- _Problem to solve_
First find the line with "unfolding A_def B_def" in the entries below, then set down exactly every line through the line with "unfolding G_def[abs_def] using sr by", that line included.

- _Records provided_
----------------------------------------

lemma nn_integral_lborel_even:
  fixes f :: "real \<Rightarrow> ennreal"
  assumes [measurable]: "f \<in> borel_measurable borel" and even: "\<And>x. f (- x) = f x"
  shows "(\<integral>\<^sup>+x. f x \<partial>lborel) = 2 * (\<integral>\<^sup>+x. f x * indicator {0..} x \<partial>lborel)"
proof -
  have "(\<integral>\<^sup>+x. f x \<partial>lborel) = (\<integral>\<^sup>+x. f x * indicator {0..} x + f x * indicator {..<0} x \<partial>lborel)"
    by (intro nn_integral_cong) (auto simp: indicator_def)
  also have "\<dots> = (\<integral>\<^sup>+x. f x * indicator {0..} x \<partial>lborel) + (\<integral>\<^sup>+x. f x * indicator {..<0} x \<partial>lborel)"
    by (rule nn_integral_add) measurable
  also have "(\<integral>\<^sup>+x. f x * indicator {..<0} x \<partial>lborel) = (\<integral>\<^sup>+x. f (- x) * indicator {..<0} (- x) \<partial>lborel)"
    by (rule nn_integral_lborel_reflect[symmetric]) measurable
  also have "(\<integral>\<^sup>+x. f (- x) * indicator {..<0} (- x) \<partial>lborel) = (\<integral>\<^sup>+x. f x * indicator {0..} x \<partial>lborel)"
  proof (rule nn_integral_cong_AE)
    have "AE x in lborel. x \<noteq> (0::real)"
      by (rule AE_lborel_singleton)
    then show "AE x in lborel. f (- x) * indicator {..<0} (- x) = f x * indicator {0..} x"
      by eventually_elim (auto simp: even indicator_def)
  qed
  finally show ?thesis
    by (simp add: mult_2)
qed

lemma nn_integral_sphere_uniform_dihedral_angle_reflect:
  fixes F :: "real \<Rightarrow> real"
  assumes [measurable]: "F \<in> borel_measurable borel" and F_nonneg: "\<And>x. 0 \<le> F x"
  shows "(\<integral>\<^sup>+A. ennreal (F (pi - dihedral_angle A (vector [1, 0, 0]) (vector [0, 1, 0]))) \<partial>sphere_uniform)
       = (\<integral>\<^sup>+A. ennreal (F (dihedral_angle A (vector [1, 0, 0]) (vector [0, 1, 0]))) \<partial>sphere_uniform)"
proof -
  have "(\<integral>\<^sup>+u. ennreal (F (pi - (pi/2 + arctan (u * t))) / (1 + t\<^sup>2) * indicator {-1<..<1} u) \<partial>lborel)
      = (\<integral>\<^sup>+u. ennreal (F (pi/2 + arctan (u * t)) / (1 + t\<^sup>2) * indicator {-1<..<1} u) \<partial>lborel)" for t
    by (subst nn_integral_lborel_reflect[symmetric])
      (auto simp: arctan_minus indicator_def intro!: nn_integral_cong)
  then show ?thesis
    using F_nonneg
    by (simp add: nn_integral_sphere_uniform_dihedral_angle[of "\<lambda>x. F (pi - x)"]
        nn_integral_sphere_uniform_dihedral_angle[of F])
qed

section \<open>The second moment of \<open>arctan (U T)\<close>\<close>

lemma partial_fractions_three_quadratics:
  fixes s r x :: real
  defines "\<Delta> \<equiv> (1 - s\<^sup>2) * (1 - r\<^sup>2) * (s\<^sup>2 - r\<^sup>2)"
  assumes \<Delta>: "\<Delta> \<noteq> 0" and x: "0 \<le> x"
  shows "(r\<^sup>2 - s\<^sup>2) / \<Delta> / (1 + x) + s\<^sup>2 * (1 - r\<^sup>2) / \<Delta> / (1 + s\<^sup>2 * x) + - (r\<^sup>2 * (1 - s\<^sup>2)) / \<Delta> / (1 + r\<^sup>2 * x)
       = x / ((1 + x) * (1 + s\<^sup>2 * x) * (1 + r\<^sup>2 * x))"
proof -
  let ?p = "1 + x" and ?q = "1 + s\<^sup>2 * x" and ?w = "1 + r\<^sup>2 * x"
  have pos: "0 < ?p" "0 < ?q" "0 < ?w"
    using x by (auto intro: add_pos_nonneg)
  have common_denominator: "a / p + b / q + c / w = (a * q * w + b * p * w + c * p * q) / (p * q * w)"
    if "p \<noteq> 0" "q \<noteq> 0" "w \<noteq> 0" for a b c p q w :: real
    using that by (simp add: field_simps)
  have "(r\<^sup>2 - s\<^sup>2) / \<Delta> / ?p + s\<^sup>2 * (1 - r\<^sup>2) / \<Delta> / ?q + - (r\<^sup>2 * (1 - s\<^sup>2)) / \<Delta> / ?w
      = ((r\<^sup>2 - s\<^sup>2) / \<Delta> * ?q * ?w + s\<^sup>2 * (1 - r\<^sup>2) / \<Delta> * ?p * ?w + - (r\<^sup>2 * (1 - s\<^sup>2)) / \<Delta> * ?p * ?q)
        / (?p * ?q * ?w)"
    using pos by (intro common_denominator) auto
  also have "(r\<^sup>2 - s\<^sup>2) / \<Delta> * ?q * ?w + s\<^sup>2 * (1 - r\<^sup>2) / \<Delta> * ?p * ?w + - (r\<^sup>2 * (1 - s\<^sup>2)) / \<Delta> * ?p * ?q
      = ((r\<^sup>2 - s\<^sup>2) * ?q * ?w + s\<^sup>2 * (1 - r\<^sup>2) * ?p * ?w - r\<^sup>2 * (1 - s\<^sup>2) * ?p * ?q) / \<Delta>"
    using \<Delta> by (simp add: field_simps)
  also have "(r\<^sup>2 - s\<^sup>2) * ?q * ?w + s\<^sup>2 * (1 - r\<^sup>2) * ?p * ?w - r\<^sup>2 * (1 - s\<^sup>2) * ?p * ?q = \<Delta> * x"
    unfolding \<Delta>_def by algebra
  finally show ?thesis
    using \<Delta> by simp
qed

lemma nn_integral_square_div_three_quadratics:
  fixes s r :: real
  assumes sr: "0 < s" "0 < r" "s < 1" "r < 1" "s \<noteq> r"
  shows "(\<integral>\<^sup>+t. ennreal (t\<^sup>2 / ((1 + t\<^sup>2) * (1 + s\<^sup>2 * t\<^sup>2) * (1 + r\<^sup>2 * t\<^sup>2))) * indicator {0..} t \<partial>lborel)
       = ennreal (pi / (2 * ((1 + s) * (1 + r) * (s + r))))"
proof -
  define \<Delta> where "\<Delta> = (1 - s\<^sup>2) * (1 - r\<^sup>2) * (s\<^sup>2 - r\<^sup>2)"
  define A where "A = (r\<^sup>2 - s\<^sup>2) / \<Delta>"
  define B where "B = s\<^sup>2 * (1 - r\<^sup>2) / \<Delta>"
  define C where "C = - (r\<^sup>2 * (1 - s\<^sup>2)) / \<Delta>"
  define G where "G t = A * arctan t + B * (arctan (s * t) / s) + C * (arctan (r * t) / r)" for t
  have \<Delta>_factor: "\<Delta> = ((s - r) * (1 - s) * (1 - r)) * ((1 + s) * (1 + r) * (s + r))"
    unfolding \<Delta>_def by algebra
  have \<Delta>: "\<Delta> \<noteq> 0"
    using sr unfolding \<Delta>_factor by simp
  have partial_fractions:
    "A / (1 + t\<^sup>2) + B / (1 + s\<^sup>2 * t\<^sup>2) + C / (1 + r\<^sup>2 * t\<^sup>2)
       = t\<^sup>2 / ((1 + t\<^sup>2) * (1 + s\<^sup>2 * t\<^sup>2) * (1 + r\<^sup>2 * t\<^sup>2))" for t
    unfolding A_def B_def C_def using \<Delta> unfolding \<Delta>_def
    by (intro partial_fractions_three_quadratics) simp_all
  have DERIV_arctan_scaled: "DERIV (\<lambda>t. arctan (c * t) / c) t :> 1 / (1 + c\<^sup>2 * t\<^sup>2)"
    if "c \<noteq> 0" for c t :: real
    using that by (auto intro!: derivative_eq_intros simp: power_mult_distrib divide_inverse)
  have deriv: "DERIV G t :> t\<^sup>2 / ((1 + t\<^sup>2) * (1 + s\<^sup>2 * t\<^sup>2) * (1 + r\<^sup>2 * t\<^sup>2))" for t
  proof -
    have "DERIV G t :> A * inverse (1 + t\<^sup>2) + B * (1 / (1 + s\<^sup>2 * t\<^sup>2)) + C * (1 / (1 + r\<^sup>2 * t\<^sup>2))"
      unfolding G_def[abs_def] using sr
      by (intro DERIV_add DERIV_cmult DERIV_arctan DERIV_arctan_scaled) auto
    also have "A * inverse (1 + t\<^sup>2) + B * (1 / (1 + s\<^sup>2 * t\<^sup>2)) + C * (1 / (1 + r\<^sup>2 * t\<^sup>2))
        = t\<^sup>2 / ((1 + t\<^sup>2) * (1 + s\<^sup>2 * t\<^sup>2) * (1 + r\<^sup>2 * t\<^sup>2))"
      unfolding partial_fractions[symmetric] by (simp add: divide_inverse)
    finally show ?thesis .
  qed
  have "((\<lambda>t. arctan (c * t)) \<longlongrightarrow> pi/2) at_top" if "0 < c" for c :: real
    using that by (intro filterlim_compose[OF tendsto_arctan_at_top]
        filterlim_tendsto_pos_mult_at_top filterlim_ident) auto
  then have "(G \<longlongrightarrow> A * (pi/2) + B * (pi/2 / s) + C * (pi/2 / r)) at_top"
    unfolding G_def[abs_def] using sr by (intro tendsto_intros tendsto_arctan_at_top) auto
  then have "(\<integral>\<^sup>+t. ennreal (t\<^sup>2 / ((1 + t\<^sup>2) * (1 + s\<^sup>2 * t\<^sup>2) * (1 + r\<^sup>2 * t\<^sup>2))) * indicator {0..} t \<partial>lborel)
      = ennreal (A * (pi/2) + B * (pi/2 / s) + C * (pi/2 / r) - G 0)"
    by (intro nn_integral_FTC_atLeast deriv) (auto intro: add_pos_nonneg)
  also have "A * (pi/2) + B * (pi/2 / s) + C * (pi/2 / r) - G 0 = pi/2 * (A + B / s + C / r)"
    by (simp add: G_def algebra_simps)
  also have "A + B / s + C / r = ((r\<^sup>2 - s\<^sup>2) + s * (1 - r\<^sup>2) - r * (1 - s\<^sup>2)) / \<Delta>"
    using sr by (simp add: A_def B_def C_def add_divide_distrib diff_divide_distrib power2_eq_square)
  also have "(r\<^sup>2 - s\<^sup>2) + s * (1 - r\<^sup>2) - r * (1 - s\<^sup>2) = (s - r) * (1 - s) * (1 - r)"
    by algebra
  also have "(s - r) * (1 - s) * (1 - r) / \<Delta> = 1 / ((1 + s) * (1 + r) * (s + r))"
    using sr unfolding \<Delta>_factor by simp
  finally show ?thesis
    by simp
qed

lemma arctan_eq_nn_integral:
  fixes u t :: real
  assumes "0 \<le> u" "0 \<le> t"
  shows "ennreal (arctan (u * t)) = (\<integral>\<^sup>+s. ennreal (t / (1 + s\<^sup>2 * t\<^sup>2)) * indicator {0..u} s \<partial>lborel)"
proof -
  have "(\<integral>\<^sup>+s. ennreal (t / (1 + s\<^sup>2 * t\<^sup>2)) * indicator {0..u} s \<partial>lborel)
      = ennreal (arctan (u * t) - arctan (0 * t))"
    by (rule nn_integral_FTC_Icc)
      (use assms in \<open>auto intro!: derivative_eq_intros simp: add_pos_nonneg power2_eq_square field_simps\<close>)
  then show ?thesis
    by simp
qed

lemma nn_integral_mult_nn_integral:
  assumes [measurable]: "f \<in> borel_measurable M" "g \<in> borel_measurable N"
  shows "(\<integral>\<^sup>+x. f x \<partial>M) * (\<integral>\<^sup>+y. g y \<partial>N) = (\<integral>\<^sup>+x. \<integral>\<^sup>+y. f x * g y \<partial>N \<partial>M)"
proof -
  have "(\<integral>\<^sup>+x. f x \<partial>M) * (\<integral>\<^sup>+y. g y \<partial>N) = (\<integral>\<^sup>+x. f x * (\<integral>\<^sup>+y. g y \<partial>N) \<partial>M)"
    by (rule nn_integral_multc[symmetric]) simp
  also have "\<dots> = (\<integral>\<^sup>+x. \<integral>\<^sup>+y. f x * g y \<partial>N \<partial>M)"
    by (intro nn_integral_cong nn_integral_cmult[symmetric]) simp
  finally show ?thesis .
qed

lemma arctan_square_div_eq_nn_integral:
  fixes u t :: real
  assumes u: "0 \<le> u"
  shows "ennreal ((arctan (u * t))\<^sup>2 / (1 + t\<^sup>2)) * indicator {0..} t
       = (\<integral>\<^sup>+s. \<integral>\<^sup>+r. ennreal (t\<^sup>2 / ((1 + t\<^sup>2) * (1 + s\<^sup>2 * t\<^sup>2) * (1 + r\<^sup>2 * t\<^sup>2)))
                      * indicator {0..u} s * indicator {0..u} r * indicator {0..} t \<partial>lborel \<partial>lborel)"
proof (cases "0 \<le> t")
  case True
  let ?f = "\<lambda>s. ennreal (t / (1 + s\<^sup>2 * t\<^sup>2)) * indicator {0..u} s"
  have "ennreal ((arctan (u * t))\<^sup>2 / (1 + t\<^sup>2))
      = ennreal (1 / (1 + t\<^sup>2)) * (ennreal (arctan (u * t)) * ennreal (arctan (u * t)))"
    using u True by (simp add: ennreal_mult[symmetric] power2_eq_square add_pos_nonneg)
  also have "\<dots> = ennreal (1 / (1 + t\<^sup>2)) * (\<integral>\<^sup>+s. \<integral>\<^sup>+r. ?f s * ?f r \<partial>lborel \<partial>lborel)"
    using u True by (simp add: arctan_eq_nn_integral nn_integral_mult_nn_integral)
  also have "\<dots> = (\<integral>\<^sup>+s. \<integral>\<^sup>+r. ennreal (1 / (1 + t\<^sup>2)) * (?f s * ?f r) \<partial>lborel \<partial>lborel)"
    by (simp add: nn_integral_cmult[symmetric])
  also have "\<dots> = (\<integral>\<^sup>+s. \<integral>\<^sup>+r. ennreal (t\<^sup>2 / ((1 + t\<^sup>2) * (1 + s\<^sup>2 * t\<^sup>2) * (1 + r\<^sup>2 * t\<^sup>2)))
                      * indicator {0..u} s * indicator {0..u} r * indicator {0..} t \<partial>lborel \<partial>lborel)"
    using True
    by (intro nn_integral_cong)
      (auto simp: indicator_def ennreal_mult[symmetric] add_pos_nonneg power2_eq_square field_simps)
  finally show ?thesis
    using True by simp
qed simp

----------------------------------------

- _Solution to the problem_
    unfolding A_def B_def C_def using \<Delta> unfolding \<Delta>_def
    by (intro partial_fractions_three_quadratics) simp_all
  have DERIV_arctan_scaled: "DERIV (\<lambda>t. arctan (c * t) / c) t :> 1 / (1 + c\<^sup>2 * t\<^sup>2)"
    if "c \<noteq> 0" for c t :: real
    using that by (auto intro!: derivative_eq_intros simp: power_mult_distrib divide_inverse)
  have deriv: "DERIV G t :> t\<^sup>2 / ((1 + t\<^sup>2) * (1 + s\<^sup>2 * t\<^sup>2) * (1 + r\<^sup>2 * t\<^sup>2))" for t
  proof -
    have "DERIV G t :> A * inverse (1 + t\<^sup>2) + B * (1 / (1 + s\<^sup>2 * t\<^sup>2)) + C * (1 / (1 + r\<^sup>2 * t\<^sup>2))"
      unfolding G_def[abs_def] using sr
      by (intro DERIV_add DERIV_cmult DERIV_arctan DERIV_arctan_scaled) auto
    also have "A * inverse (1 + t\<^sup>2) + B * (1 / (1 + s\<^sup>2 * t\<^sup>2)) + C * (1 / (1 + r\<^sup>2 * t\<^sup>2))
        = t\<^sup>2 / ((1 + t\<^sup>2) * (1 + s\<^sup>2 * t\<^sup>2) * (1 + r\<^sup>2 * t\<^sup>2))"
      unfolding partial_fractions[symmetric] by (simp add: divide_inverse)
    finally show ?thesis .
  qed
  have "((\<lambda>t. arctan (c * t)) \<longlongrightarrow> pi/2) at_top" if "0 < c" for c :: real
    using that by (intro filterlim_compose[OF tendsto_arctan_at_top]
        filterlim_tendsto_pos_mult_at_top filterlim_ident) auto
  then have "(G \<longlongrightarrow> A * (pi/2) + B * (pi/2 / s) + C * (pi/2 / r)) at_top"
    unfolding G_def[abs_def] using sr by (intro tendsto_intros tendsto_arctan_at_top) auto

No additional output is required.